THE DATA |
lemma bf_deg_le_0_const:
  assumes "bf_deg_le n g 0" "x \<in> bpoints n" "y \<in> bpoints n"
  shows "g x = g y"
proof -
  obtain c :: "nat set \<Rightarrow> nat" where c_deg: "\<forall>u. c u \<noteq> 0 \<longrightarrow> card u \<le> 0"
    and c_rep: "\<forall>x\<in>bpoints n. g x = odd (\<Sum>u\<in>Pow x. c u)"
    using assms(1) unfolding bf_deg_le_def by blast
  have "g z = odd (c {})" if z: "z \<in> bpoints n" for z
  proof -
    have "c u = 0" if "u \<in> Pow z - {{}}" for u
    proof -
      have "finite u" "u \<noteq> {}"
        using that finite_subset[OF _ finite_of_bpoints[OF z]] by auto
      then have "\<not> card u \<le> 0" by simp
      then show ?thesis using c_deg by blast
    qed
    then have "(\<Sum>u\<in>Pow z. c u) = c {}"
      using finite_of_bpoints[OF z] by (subst sum.mono_neutral_right[of _ "{{}}"]) auto
    then show ?thesis using c_rep z by simp
  qed
  then show ?thesis using assms(2,3) by simp
qed

lemma bf_deg_le_shannon:
  assumes "bf_deg_le n h1 (Suc d)" "bf_deg_le n h2 d"
  shows "bf_deg_le (Suc n) (\<lambda>x. h1 (x - {n}) \<noteq> ((n \<in> x) = b \<and> h2 (x - {n}))) (Suc d)"
proof -
  have "bf_deg_le (Suc n) (\<lambda>x. (n \<in> x) = b \<and> h2 (x - {n})) (1 + d)"
    by (rule bf_deg_le_conj[OF bf_deg_le_literal bf_deg_le_extend[OF assms(2)]])
  then have "bf_deg_le (Suc n) (\<lambda>x. (n \<in> x) = b \<and> h2 (x - {n})) (Suc d)"
    by simp
  from bf_deg_le_xor[OF bf_deg_le_extend[OF assms(1)] this] show ?thesis .
qed

lemma hweight_pos: "\<exists>x\<in>bpoints n. g x \<Longrightarrow> 0 < hweight n g"
  unfolding hweight_def using finite_bpoints by (auto simp: card_gt_0_iff)

lemma hweight_Suc: "hweight (Suc n) g = hweight n g + hweight n (\<lambda>x. g (insert n x))"
proof -
  have "{x\<in>bpoints (Suc n). g x} = {x\<in>bpoints n. g x} \<union> insert n ` {x\<in>bpoints n. g (insert n x)}"
    unfolding bpoints_Suc by auto
  moreover have "card (insert n ` {x\<in>bpoints n. g (insert n x)}) = card {x\<in>bpoints n. g (insert n x)}"
    by (rule card_image) (auto intro: inj_on_subset[OF inj_on_insert_bpoints])
  moreover have "{x\<in>bpoints n. g x} \<inter> insert n ` {x\<in>bpoints n. g (insert n x)} = {}"
    by (auto simp: bpoints_def)
  ultimately show ?thesis
    unfolding hweight_def using finite_bpoints by (simp add: card_Un_disjoint)
qed

lemma hweight_xor_le: "hweight n (\<lambda>x. g x \<noteq> h x) \<le> hweight n g + hweight n h"
proof -
  have "{x\<in>bpoints n. g x \<noteq> h x} \<subseteq> {x\<in>bpoints n. g x} \<union> {x\<in>bpoints n. h x}" by auto
  then have "hweight n (\<lambda>x. g x \<noteq> h x) \<le> card ({x\<in>bpoints n. g x} \<union> {x\<in>bpoints n. h x})"
    unfolding hweight_def using finite_bpoints by (intro card_mono) auto
  also have "\<dots> \<le> hweight n g + hweight n h"
    unfolding hweight_def by (rule card_Un_le)
  finally show ?thesis .
qed

text \<open>The minimum distance of the Reed-Muller code of order e, by induction on the number of
  variables: if g vanishes on neither half of the cube, both halves contribute; otherwise its
  derivative in the last variable, of degree one less, has no larger weight.\<close>
lemma bf_deg_le_hweight_bound:
  assumes "bf_deg_le n g e" "\<exists>x\<in>bpoints n. g x"
  shows "2 ^ n \<le> 2 ^ e * hweight n g"
  using assms
proof (induction n arbitrary: g e)
  case 0
  then show ?case using hweight_pos[of 0 g] by (simp add: Suc_le_eq)
next
  case (Suc n)
  let ?g1 = "\<lambda>x. g (insert n x)"
  have weight: "hweight (Suc n) g = hweight n g + hweight n ?g1"
    by (rule hweight_Suc)
  have halves: "(\<exists>x\<in>bpoints n. g x) \<or> (\<exists>x\<in>bpoints n. ?g1 x)"
    using Suc.prems(2) unfolding bpoints_Suc by blast
  show ?case
  proof (cases "(\<exists>x\<in>bpoints n. g x) \<and> (\<exists>x\<in>bpoints n. ?g1 x)")
    case True
    then have "2 ^ n \<le> 2 ^ e * hweight n g" "2 ^ n \<le> 2 ^ e * hweight n ?g1"
      using Suc.IH bf_deg_le_restrict[OF Suc.prems(1)] bf_deg_le_cofactor[OF Suc.prems(1)]
      by blast+
    then show ?thesis unfolding weight by (simp add: algebra_simps)
  next
    case False
    obtain e' where e': "e = Suc e'"
    proof (cases e)
      case 0
      have "g x = g (insert n x)" if "x \<in> bpoints n" for x
        using bf_deg_le_0_const[of "Suc n" g] Suc.prems(1) 0 that unfolding bpoints_Suc by blast
      then show ?thesis using False halves by blast
    qed
    let ?D = "\<lambda>x. g x \<noteq> g (insert n x)"
    have "bf_deg_le n ?D e'"
      using bf_deg_le_derivative Suc.prems(1) e' by blast
    moreover have "\<exists>x\<in>bpoints n. ?D x"
      using False halves by blast
    ultimately have "2 ^ n \<le> 2 ^ e' * hweight n ?D"
      by (rule Suc.IH)
    also have "\<dots> \<le> 2 ^ e' * hweight (Suc n) g"
      unfolding weight by (intro mult_left_mono hweight_xor_le) simp
    finally show ?thesis using e' by simp
  qed
qed

lemma bf_deg_le_hweight_ge:
  assumes "bf_deg_le n g e" "\<exists>x\<in>bpoints n. g x"
  shows "2 ^ (n - e) \<le> hweight n g"
proof (cases "e \<le> n")
  case True
  then have "2 ^ e * 2 ^ (n - e) \<le> 2 ^ e * hweight n g"
    using bf_deg_le_hweight_bound[OF assms] by (simp flip: power_add)
  then show ?thesis by simp
next
  case False
  then show ?thesis using hweight_pos[OF assms(2)] by simp
qed

lemma bf_deg_le_interpolation_card_le_1:
  assumes "finite T" "card T \<le> 1"
  shows "\<exists>h. bf_deg_le n h d \<and> (\<forall>y\<in>T. h y = v y)"
proof (cases "T = {}")
  case True
  then show ?thesis using bf_deg_le_const by blast
next
  case False
  then obtain t where "t \<in> T" by blast
  with assms have "\<forall>y\<in>T. y = t"
    using card_le_Suc0_iff_eq[of T] by simp
  then show ?thesis using bf_deg_le_const[of n "v t" d] by auto
qed

text \<open>Split T by the last coordinate. Since card T < 2^(d+1), one half has fewer than 2^d
  points: interpolate on the other half with degree d, then correct on the small half with a
  term of degree d - 1 times the literal selecting it.\<close>
lemma bf_deg_le_interpolation:
  assumes "T \<subseteq> bpoints n" "card T < 2 ^ Suc d"
  shows "\<exists>h. bf_deg_le n h d \<and> (\<forall>y\<in>T. h y = v y)"
  using assms
proof (induction n arbitrary: d T v)
  case 0
  then have "card T \<le> card (bpoints 0)"
    using finite_bpoints by (intro card_mono)
  then show ?case
    using 0 finite_subset[OF _ finite_bpoints] card_bpoints[of 0]
    by (intro bf_deg_le_interpolation_card_le_1) auto
next
  case (Suc n)
  have "finite T" using Suc.prems(1) finite_subset[OF _ finite_bpoints] by blast
  show ?case
  proof (cases d)
    case 0
    then show ?thesis
      using Suc.prems(2) \<open>finite T\<close> by (intro bf_deg_le_interpolation_card_le_1) auto
  next
    case (Suc d')
    define half where "half b = {y\<in>T. (n \<in> y) = b}" for b
    define proj where "proj b = (\<lambda>y. y - {n}) ` half b" for b
    define lift where "lift b y = (if b then insert n y else y)" for b y
    have finite_half: "finite (half b)" for b
      using \<open>finite T\<close> by (simp add: half_def)
    have card_proj: "card (proj b) \<le> card (half b)" for b
      unfolding proj_def using finite_half by (rule card_image_le)
    have card_half: "card (half b) \<le> card T" for b
      using \<open>finite T\<close> by (intro card_mono) (auto simp: half_def)
    have "T = half True \<union> half False" "half True \<inter> half False = {}"
      by (auto simp: half_def)
    then have "card (half True) + card (half False) < 2 * 2 ^ d"
      using Suc.prems(2) finite_half by (simp add: card_Un_disjoint[symmetric])
    then have "card (half True) < 2 ^ d \<or> card (half False) < 2 ^ d"
      by linarith
    then obtain b where small: "card (half b) < 2 ^ d" by blast
    have proj_sub: "proj b \<subseteq> bpoints n" for b
      using Suc.prems(1) Diff_last_in_bpoints unfolding proj_def half_def by blast
    have lift_proj: "y - {n} \<in> proj (n \<in> y)" "lift (n \<in> y) (y - {n}) = y" if "y \<in> T" for y
      using that unfolding proj_def half_def lift_def by auto
    have "card (proj (\<not> b)) < 2 ^ Suc d"
      using card_proj card_half Suc.prems(2) by (meson le_less_trans order_trans)
    then have "\<exists>h. bf_deg_le n h d \<and> (\<forall>y\<in>proj (\<not> b). h y = v (lift (\<not> b) y))"
      by (rule Suc.IH[OF proj_sub])
    then obtain h1 where h1: "bf_deg_le n h1 d" "\<forall>y\<in>proj (\<not> b). h1 y = v (lift (\<not> b) y)"
      by blast
    have "card (proj b) < 2 ^ Suc d'"
      using card_proj small \<open>d = Suc d'\<close> by (meson le_less_trans)
    then have "\<exists>h. bf_deg_le n h d' \<and> (\<forall>y\<in>proj b. h y = (h1 y \<noteq> v (lift b y)))"
      by (rule Suc.IH[OF proj_sub])
    then obtain h2 where h2: "bf_deg_le n h2 d'" "\<forall>y\<in>proj b. h2 y = (h1 y \<noteq> v (lift b y))"
      by blast
    let ?h = "\<lambda>x. h1 (x - {n}) \<noteq> ((n \<in> x) = b \<and> h2 (x - {n}))"
    have "bf_deg_le (Suc n) ?h d"
      using bf_deg_le_shannon h1(1) h2(1) \<open>d = Suc d'\<close> by blast
    moreover have "?h y = v y" if "y \<in> T" for y
      using lift_proj[OF that] h1(2) h2(2) by (cases "(n \<in> y) = b") auto
    ultimately show ?thesis by blast
  qed
qed

lemma hweight_less_imp_ex_diff:
  assumes "hweight n h < hweight n g"
  shows "\<exists>x\<in>bpoints n. g x \<and> \<not> h x"
proof (rule ccontr)
  assume "\<not> ?thesis"
  then have "{x\<in>bpoints n. g x} \<subseteq> {x\<in>bpoints n. h x}" by blast
  then have "hweight n g \<le> hweight n h"
    unfolding hweight_def using finite_bpoints by (intro card_mono) auto
  with assms show False by simp
qed

lemma annihilates_conj_add:
  assumes "annihilates n g h" "\<forall>x\<in>bpoints n. s x \<longrightarrow> \<not> \<delta> x"
  shows "annihilates n (\<lambda>x. g x \<and> s x) (bf_add h \<delta>)"
  using assms unfolding annihilates_def bf_add_def by blast

lemma LDA_le: "bf_nonzero n g \<Longrightarrow> annihilates n g h \<Longrightarrow> LDA n h \<le> enat (alg_deg n g)"
  unfolding LDA_def by (rule Inf_lower) blast

lemma LDA_attained:
  assumes "LDA n h = enat k"
  obtains g where "bf_nonzero n g" "annihilates n g h" "alg_deg n g = k"
proof -
  let ?A = "{enat (alg_deg n g) | g. bf_nonzero n g \<and> annihilates n g h}"
  have "?A \<noteq> {}"
  proof
    assume empty: "?A = {}"
    have "LDA n h = \<infinity>"
      unfolding LDA_def empty by (simp add: top_enat_def)
    with assms show False by simp
  qed
  then have "Inf ?A \<in> ?A"
    unfolding Inf_enat_def by (auto intro: LeastI)
  then show ?thesis
    using assms that unfolding LDA_def by auto
qed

YOUR TASK |
Every line above with the string "True" in it needs to be copied.

WRITTEN ANSWER |
    case True
  case True
  case True
    have "T = half True \<union> half False" "half True \<inter> half False = {}"
    then have "card (half True) + card (half False) < 2 * 2 ^ d"
    then have "card (half True) < 2 ^ d \<or> card (half False) < 2 ^ d"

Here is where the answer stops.